A 100-line async request coalescer

Embedding models are several times faster on a batch of 32 inputs than on 32 sequential calls of size 1. The GPU loads the weights once, runs one forward pass, returns. Sequential calls pay the kernel-launch and memory-transfer overhead 32 times.

This is well-known on the training side and annoyingly under-served on the serving side, because the natural API for callers is “embed this one thing.” If you make them batch manually, half of them will not, and your throughput collapses.

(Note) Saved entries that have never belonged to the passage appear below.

(* Let $T_1=(Q_1,\Sigma,\Delta,R_1,q_1^0)$ and $T_2=(Q_2,\Delta,\Omega,R_2,q_2^0)$ be top-down tree transducers, let $A$ be the domain automaton of $T_2$, and let $\hat{T}_1$ be the product construction of $T_1$ and $A$. Then $\text{dom}(\hat{T}_1)=\text{dom}(T_1\circ T_2)$, and for every $s\in T_\Sigma$, $\hat{T}_1(s)=T_1(s)\cap\text{dom}(T_2)$.
   Context: A top-down tree transducer $T=(Q,\Sigma,\Delta,R,q_0)$ has finite state set $Q$, ranked input/output alphabets $\Sigma,\Delta$, initial state $q_0$, and finite rule set $R$ of rules $q(a(x_1,\dots,x_k))\to t$ with $a\in\Sigma_k$ ($\Sigma_k$ = symbols of rank $k$) and $t$ a tree over $\Delta$ whose leaves may additionally be of the form $q'(x_i)$, $q'\in Q$, $i\in[k]$; rules are used as rewrite rules in the usual way. $T(s)$ is the set of trees over $\Delta$ derivable from $q_0(s)$, $\text{dom}(T)=\{s\mid T(s)\neq\emptyset\}$; $\text{dom}(T_1\circ T_2)$ is the set of $s$ such that $T_2(t)\neq\emptyset$ for some $t\in T_1(s)$. For $q\in Q$, $a\in\Sigma_k$, $\text{rhs}_T(q,a)$ is the set of right-hand sides of rules with left-hand side $q(a(x_1,\dots,x_k))$; for a set $\Gamma$ of right-hand sides, $\Gamma[x_i]$ is the set of $q'\in Q$ with $q'(x_i)$ occurring in some tree of $\Gamma$. Domain automaton of $T$: the top-down tree automaton (transducer over $\Sigma$ with rules of the form $p(a(x_1,\dots,x_k))\to a(p_1(x_1),\dots,p_k(x_k))$) with states all subsets of $Q$, initial state $\{q_0\}$, rules $S(a(x_1,\dots,x_k))\to a(S_1(x_1),\dots,S_k(x_k))$ for every $a\in\Sigma_k$, nonempty $S=\{q_1,\dots,q_n\}\subseteq Q$ and nonempty $\Gamma_j\subseteq\text{rhs}_T(q_j,a)$ ($j\in[n]$), where $S_i=\bigcup_j\Gamma_j[x_i]$, and rules $\emptyset(a(x_1,\dots,x_k))\to a(\emptyset(x_1),\dots,\emptyset(x_k))$ for all $a$. Product construction of transducers $T=(Q,\Sigma,\Delta,R,q_0)$ and $T'=(Q',\Delta,\Omega,R',q'_0)$: the transducer with states $Q\times Q'$, input $\Sigma$, output $\Omega$, initial state $(q_0,q'_0)$, and, for every rule $q(a(x_1,\dots,x_k))\to\xi$ of $T$, every $p\in Q'$ and every tree $\zeta$ derivable from $p(\xi)$ using rules of $T'$ in which the leaves of $\xi$ of the form $q''(x_i)$ are treated as unrewritable symbols and a state $p'$ applied to such a leaf stays as $p'(q''(x_i))$, the rule $(q,p)(a(x_1,\dots,x_k))\to\zeta'$, where $\zeta'$ is obtained from $\zeta$ by replacing each $p'(q''(x_i))$ by $(q'',p')(x_i)$. *)

theory Defs
  imports Main
begin

datatype 'a rtree = Nd 'a "'a rtree list"

(* A ranked alphabet is a set of pairs (symbol, rank); Sigma_k = {a. (a,k) \<in> Sigma}. *)
inductive_set trees :: "('a \<times> nat) set \<Rightarrow> 'a rtree set" for Sig where
  "(a, length ts) \<in> Sig \<Longrightarrow> (\<forall>t\<in>set ts. t \<in> trees Sig) \<Longrightarrow> Nd a ts \<in> trees Sig"

(* Right-hand sides: trees over the output alphabet whose leaves may be q(x_i), i \<ge> 1. *)
datatype ('b, 'q) rhs = RNode 'b "('b, 'q) rhs list" | RVar 'q nat

fun rvars :: "('b, 'q) rhs \<Rightarrow> ('q \<times> nat) set" where
  "rvars (RVar q i) = {(q, i)}"
| "rvars (RNode b ts) = (\<Union>t\<in>set ts. rvars t)"

fun wf_rhs :: "('b \<times> nat) set \<Rightarrow> 'q set \<Rightarrow> nat \<Rightarrow> ('b, 'q) rhs \<Rightarrow> bool" where
  "wf_rhs D Q k (RVar q i) = (q \<in> Q \<and> 1 \<le> i \<and> i \<le> k)"
| "wf_rhs D Q k (RNode b ts) = ((b, length ts) \<in> D \<and> (\<forall>t\<in>set ts. wf_rhs D Q k t))"

(* A top-down tree transducer (Q, Sigma, Delta, R, q0).
   A rule (q, a, k, t) stands for q(a(x_1,...,x_k)) -> t. *)
record ('q, 'a, 'b) tdtt =
  states :: "'q set"
  inp    :: "('a \<times> nat) set"
  outp   :: "('b \<times> nat) set"
  rules  :: "('q \<times> 'a \<times> nat \<times> ('b, 'q) rhs) set"
  init   :: 'q

definition wf_tdtt :: "('q, 'a, 'b) tdtt \<Rightarrow> bool" where
  "wf_tdtt T \<longleftrightarrow> finite (states T) \<and> finite (inp T) \<and> finite (outp T) \<and> finite (rules T)
     \<and> init T \<in> states T
     \<and> (\<forall>(q, a, k, t) \<in> rules T. q \<in> states T \<and> (a, k) \<in> inp T \<and> wf_rhs (outp T) (states T) k t)"

(* Semantics: run T q s u  means  q(s) =>* u  (u an output tree).
   inst T ss t u  means the right-hand side t, with x_i bound to ss!(i-1), rewrites to u,
   each occurrence q'(x_i) being rewritten independently. *)
inductive run :: "('q, 'a, 'b) tdtt \<Rightarrow> 'q \<Rightarrow> 'a rtree \<Rightarrow> 'b rtree \<Rightarrow> bool"
  and inst :: "('q, 'a, 'b) tdtt \<Rightarrow> 'a rtree list \<Rightarrow> ('b, 'q) rhs \<Rightarrow> 'b rtree \<Rightarrow> bool"
  for T where
  run_rule: "(q, a, length ss, t) \<in> rules T \<Longrightarrow> inst T ss t u \<Longrightarrow> run T q (Nd a ss) u"
| inst_var: "1 \<le> i \<Longrightarrow> i \<le> length ss \<Longrightarrow> run T q (ss ! (i - 1)) u \<Longrightarrow> inst T ss (RVar q i) u"
| inst_node: "list_all2 (inst T ss) ts us \<Longrightarrow> inst T ss (RNode b ts) (Nd b us)"

definition transl :: "('q, 'a, 'b) tdtt \<Rightarrow> 'a rtree \<Rightarrow> 'b rtree set" where
  "transl T s = {u. run T (init T) s u}"

definition tdom :: "('q, 'a, 'b) tdtt \<Rightarrow> 'a rtree set" where
  "tdom T = {s \<in> trees (inp T). transl T s \<noteq> {}}"

definition tdom_comp :: "('q1, 'a, 'b) tdtt \<Rightarrow> ('q2, 'b, 'c) tdtt \<Rightarrow> 'a rtree set" where
  "tdom_comp T1 T2 = {s \<in> trees (inp T1). \<exists>t \<in> transl T1 s. transl T2 t \<noteq> {}}"

definition rhs_of :: "('q, 'a, 'b) tdtt \<Rightarrow> 'q \<Rightarrow> 'a \<Rightarrow> nat \<Rightarrow> ('b, 'q) rhs set" where
  "rhs_of T q a k = {t. (q, a, k, t) \<in> rules T}"

definition rhs_states_at :: "('b, 'q) rhs set \<Rightarrow> nat \<Rightarrow> 'q set" where
  "rhs_states_at Gam i = {q'. \<exists>t\<in>Gam. (q', i) \<in> rvars t}"

definition aut_rhs :: "'a \<Rightarrow> nat \<Rightarrow> (nat \<Rightarrow> 'p) \<Rightarrow> ('a, 'p) rhs" where
  "aut_rhs a k P = RNode a (map (\<lambda>i. RVar (P i) i) [1..<Suc k])"

definition domain_automaton :: "('q, 'a, 'b) tdtt \<Rightarrow> ('q set, 'a, 'a) tdtt" where
  "domain_automaton T =
    \<lparr> states = Pow (states T), inp = inp T, outp = inp T,
      rules =
        {(S, a, k, aut_rhs a k P) | S a k P.
            (a, k) \<in> inp T \<and> S \<noteq> {} \<and> S \<subseteq> states T \<and>
            (\<exists>Gam :: 'q \<Rightarrow> ('b, 'q) rhs set.
               (\<forall>q\<in>S. Gam q \<noteq> {} \<and> Gam q \<subseteq> rhs_of T q a k) \<and>
               (\<forall>i. P i = (\<Union>q\<in>S. rhs_states_at (Gam q) i)))}
        \<union> {({}, a, k, aut_rhs a k (\<lambda>_. {})) | a k. (a, k) \<in> inp T},
      init = {init T} \<rparr>"

(* Product construction.  pder T' p xi zeta: zeta' is derivable from p(xi) by rules of T',
   leaves q''(x_i) of xi being unrewritable, with p'(q''(x_i)) already replaced by (q'',p')(x_i).
   pinst T' xis t zeta: instantiating rhs t of T' with y_j := xis!(j-1) and deriving. *)
inductive pder :: "('p, 'b, 'c) tdtt \<Rightarrow> 'p \<Rightarrow> ('b, 'q) rhs \<Rightarrow> ('c, 'q \<times> 'p) rhs \<Rightarrow> bool"
  and pinst :: "('p, 'b, 'c) tdtt \<Rightarrow> ('b, 'q) rhs list \<Rightarrow> ('c, 'p) rhs \<Rightarrow> ('c, 'q \<times> 'p) rhs \<Rightarrow> bool"
  for T' where
  pder_var: "pder T' p (RVar q i) (RVar (q, p) i)"
| pder_rule: "(p, b, length xis, t) \<in> rules T' \<Longrightarrow> pinst T' xis t z \<Longrightarrow> pder T' p (RNode b xis) z"
| pinst_var: "1 \<le> j \<Longrightarrow> j \<le> length xis \<Longrightarrow> pder T' p (xis ! (j - 1)) z \<Longrightarrow> pinst T' xis (RVar p j) z"
| pinst_node: "list_all2 (pinst T' xis) ts zs \<Longrightarrow> pinst T' xis (RNode c ts) (RNode c zs)"

definition product :: "('q, 'a, 'b) tdtt \<Rightarrow> ('p, 'b, 'c) tdtt \<Rightarrow> ('q \<times> 'p, 'a, 'c) tdtt" where
  "product T T' =
    \<lparr> states = states T \<times> states T', inp = inp T, outp = outp T',
      rules = {((q, p), a, k, z) | q p a k xi z.
                 (q, a, k, xi) \<in> rules T \<and> p \<in> states T' \<and> pder T' p xi z},
      init = (init T, init T') \<rparr>"

end

theory Submission
  imports Defs
begin

(* The domain automaton of T2, in state S, accepts exactly the trees on which every state in S
   has a successful computation of T2: its rule for S at a symbol a picks a nonempty set of
   applicable rules of T2 for each q in S and sends to the i-th child the set of all states
   applied to x_i in them.  Since the rules of a top-down automaton copy their input symbol, a
   run of the product of T1 with an automaton A from (q, p) on s is the same as a run of T1 from
   q on s with output u together with a run of A from p on u.  So the product translates s into
   exactly the outputs of T1 that lie in dom(T2); as these are trees over the input alphabet of
   T2, its domain is dom(T1 o T2). *)

lemma ex_list_all2_iff: "(\<exists>ys. list_all2 R xs ys) \<longleftrightarrow> (\<forall>x\<in>set xs. \<exists>y. R x y)"
proof (induction xs)
  case (Cons x xs)
  then show ?case by (auto simp: list_all2_Cons1)
qed simp

lemma wf_rhs_rvarsD: "wf_rhs D Q k t \<Longrightarrow> (q, i) \<in> rvars t \<Longrightarrow> q \<in> Q \<and> 1 \<le> i \<and> i \<le> k"
  by (induction t) auto

lemma rvars_aut_rhs: "rvars (aut_rhs a k P) = (\<lambda>j. (P (Suc j), Suc j)) ` {..<k}"
proof -
  have "[1..<Suc k] = map Suc [0..<k]" by (simp add: map_Suc_upt)
  then show ?thesis by (auto simp: aut_rhs_def simp del: upt_Suc)
qed

lemma ex_inst_iff:
  "(\<exists>u. inst T ss xi u) \<longleftrightarrow>
     (\<forall>(q, i)\<in>rvars xi. 1 \<le> i \<and> i \<le> length ss \<and> (\<exists>u. run T q (ss ! (i - 1)) u))"
proof (induction xi)
  case (RNode b ts)
  have "(\<exists>u. inst T ss (RNode b ts) u) \<longleftrightarrow> (\<exists>us. list_all2 (inst T ss) ts us)"
    by (auto simp: inst.simps[of T ss "RNode b ts"])
  also have "\<dots> \<longleftrightarrow> (\<forall>t\<in>set ts. \<exists>u. inst T ss t u)"
    by (rule ex_list_all2_iff)
  finally show ?case using RNode.IH by auto
qed (auto simp: inst.simps[of T ss "RVar _ _"])

lemma ex_run_Nd_iff:
  "(\<exists>u. run T q (Nd a ss) u) \<longleftrightarrow> (\<exists>t\<in>rhs_of T q a (length ss). \<exists>u. inst T ss t u)"
  by (auto simp: run.simps[of T q "Nd a ss"] rhs_of_def)

lemma ex_inst_aut_rhs_iff:
  "(\<exists>u. inst T ss (aut_rhs a (length ss) P) u) \<longleftrightarrow> (\<forall>j<length ss. \<exists>u. run T (P (Suc j)) (ss ! j) u)"
  by (auto simp: ex_inst_iff rvars_aut_rhs)

lemma
  assumes "wf_tdtt T"
  shows run_in_trees_outp: "run T q s u \<Longrightarrow> u \<in> trees (outp T)"
    and "inst T ss xi u \<Longrightarrow> wf_rhs (outp T) (states T) (length ss) xi \<Longrightarrow> u \<in> trees (outp T)"
proof (induction q s u and ss xi u rule: run_inst.inducts)
  case (run_rule q a ss t u)
  then show ?case using assms unfolding wf_tdtt_def by fastforce
next
  case (inst_node ss ts us b)
  then show ?case
    by (intro trees.intros) (auto simp: list_all2_conv_all_nth all_set_conv_all_nth)
qed simp

lemma wf_tdtt_ruleD:
  "wf_tdtt T \<Longrightarrow> (q, a, k, t) \<in> rules T \<Longrightarrow> q \<in> states T \<and> (a, k) \<in> inp T \<and> wf_rhs (outp T) (states T) k t"
  unfolding wf_tdtt_def by fastforce

lemma run_state_in_states: "wf_tdtt T \<Longrightarrow> run T q s u \<Longrightarrow> q \<in> states T"
  by (auto elim: run.cases dest: wf_tdtt_ruleD)

lemma domain_automaton_simps [simp]:
  "states (domain_automaton T) = Pow (states T)"
  "init (domain_automaton T) = {init T}"
  by (simp_all add: domain_automaton_def)

lemma rules_domain_automaton_iff:
  "(S, a, k, t) \<in> rules (domain_automaton T) \<longleftrightarrow>
     (a, k) \<in> inp T \<and> S \<subseteq> states T \<and>
     (\<exists>Gam. (\<forall>q\<in>S. Gam q \<noteq> {} \<and> Gam q \<subseteq> rhs_of T q a k) \<and>
        t = aut_rhs a k (\<lambda>i. \<Union>q\<in>S. rhs_states_at (Gam q) i))"
  by (cases "S = {}") (auto simp: domain_automaton_def fun_eq_iff[symmetric])

lemma Nd_in_trees_iff:
  "Nd a ss \<in> trees Sig \<longleftrightarrow> (a, length ss) \<in> Sig \<and> (\<forall>j<length ss. ss ! j \<in> trees Sig)"
  by (subst trees.simps) (auto simp: all_set_conv_all_nth)

lemma ex_rhs_choice_iff_ex_runs:
  assumes wf: "wf_tdtt T"
  shows "(\<exists>Gam. (\<forall>q\<in>S. Gam q \<noteq> {} \<and> Gam q \<subseteq> rhs_of T q a (length ss)) \<and>
            (\<forall>j<length ss. \<forall>q'\<in>(\<Union>q\<in>S. rhs_states_at (Gam q) (Suc j)). \<exists>v. run T q' (ss ! j) v))
         \<longleftrightarrow> (\<forall>q\<in>S. \<exists>v. run T q (Nd a ss) v)"
    (is "(\<exists>Gam. ?choice Gam) \<longleftrightarrow> _")
proof
  assume "\<exists>Gam. ?choice Gam"
  then obtain Gam where Gam: "\<forall>q\<in>S. Gam q \<noteq> {} \<and> Gam q \<subseteq> rhs_of T q a (length ss)"
    and succ: "\<forall>j<length ss. \<forall>q'\<in>(\<Union>q\<in>S. rhs_states_at (Gam q) (Suc j)). \<exists>v. run T q' (ss ! j) v"
    by blast
  show "\<forall>q\<in>S. \<exists>v. run T q (Nd a ss) v"
  proof
    fix q assume q: "q \<in> S"
    from Gam q obtain g where g: "g \<in> Gam q" "g \<in> rhs_of T q a (length ss)" by blast
    have wfg: "wf_rhs (outp T) (states T) (length ss) g"
      using g(2) wf_tdtt_ruleD[OF wf] by (auto simp: rhs_of_def)
    have "1 \<le> i \<and> i \<le> length ss \<and> (\<exists>v. run T q' (ss ! (i - 1)) v)" if qi: "(q', i) \<in> rvars g" for q' i
    proof -
      have i: "1 \<le> i" "i \<le> length ss" using wf_rhs_rvarsD[OF wfg qi] by auto
      have "q' \<in> (\<Union>q\<in>S. rhs_states_at (Gam q) (Suc (i - 1)))"
        using q g(1) qi i by (auto simp: rhs_states_at_def)
      then show ?thesis using succ i by auto
    qed
    then have "\<exists>u. inst T ss g u" unfolding ex_inst_iff by blast
    then show "\<exists>v. run T q (Nd a ss) v" using g(2) unfolding ex_run_Nd_iff by blast
  qed
next
  assume "\<forall>q\<in>S. \<exists>v. run T q (Nd a ss) v"
  then obtain g where g: "\<forall>q\<in>S. g q \<in> rhs_of T q a (length ss) \<and> (\<exists>u. inst T ss (g q) u)"
    unfolding ex_run_Nd_iff by metis
  \<comment> \<open>one rule per state suffices\<close>
  have "?choice (\<lambda>q. {g q})"
    using g by (fastforce simp: rhs_states_at_def ex_inst_iff)
  then show "\<exists>Gam. ?choice Gam" by (rule exI[of _ "\<lambda>q. {g q}"])
qed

The fix is a small async primitive. Callers await evaluator.evaluate(item) as if it were a one-at-a-time call. Inside, the primitive holds requests for a few milliseconds, accumulates whatever arrives, and dispatches them as a single batch. Each caller’s future resolves to its own slice of the result.

The interface

Permalink to “The interface”
class DelayedEvaluator[InputT, OutputT]:
    def __init__(
        self,
        process_batch: Callable[[list[InputT]], Awaitable[list[OutputT]]],
        delay_ms: int = 5,
    ):
        self._process_batch = process_batch
        self._delay_ms = delay_ms
        self._lock = asyncio.Lock()
        self._pending: list[_Pending[InputT, OutputT]] = []
        self._task: asyncio.Task | None = None

    async def evaluate(self, items: list[InputT]) -> list[OutputT]:
        future = asyncio.get_running_loop().create_future()
        async with self._lock:
            self._pending.append(_Pending(items, future))
            if self._task is None:
                self._task = asyncio.create_task(self._dispatch_after_delay())
        return await future

_Pending is a tiny dataclass holding the per-call inputs and the future that resolves to that call’s outputs. The lock is there so two callers arriving in the same event loop tick can both register before the first dispatch fires.

The dispatch

Permalink to “The dispatch”
    async def _dispatch_after_delay(self):
        await asyncio.sleep(self._delay_ms / 1000)
        async with self._lock:
            pending, self._pending = self._pending, []
            self._task = None

        all_inputs = [item for p in pending for item in p.items]
        try:
            all_outputs = await self._process_batch(all_inputs)
        except Exception as exc:
            for p in pending:
                p.future.set_exception(exc)
            return

        # split results back per caller, in order.
        i = 0
        for p in pending:
            n = len(p.items)
            p.future.set_result(all_outputs[i : i + n])
            i += n

A few things matter here.

The inputs are concatenated and the outputs are split back by length. No sorting, no IDs. itertools.accumulate of len(p.items) gives you the slice boundaries in O(n).

Exceptions fan out. A failed batch fails every caller with the same exception. Do not swallow it on some callers and not others.

The task is None again at the end, so that the next caller starts a fresh sleep. If you forget this, you will dispatch one batch and then permanently hang, ask me how I know.

Choosing the delay

Permalink to “Choosing the delay”

5ms is a reasonable default for a model that takes 50ms or more to evaluate. A 10% latency tax for 5-10x more throughput is a good trade. For very fast models (under 10ms) the delay should be smaller, or the coalescer is just the wrong tool.

The cost shows up most under low load. A single caller still waits 5ms for nothing. If your service has lulls, that latency is visible. For services that are always busy the delay is paid only by the first request in each window and amortised across the rest.

There are libraries that do this kind of thing. They are also wrappers around HTTP servers, or tied to a specific ML framework, or they expect inputs of a fixed shape. The primitive itself is around 100 lines and fits into any async codebase. Inference, database access, external API rate-limiting, anything where a batched call is faster than N individual ones.

Once it is in your toolbox you stop writing batching logic at the call sites. The caller writes await x.evaluate(item), and the speedup is invisible.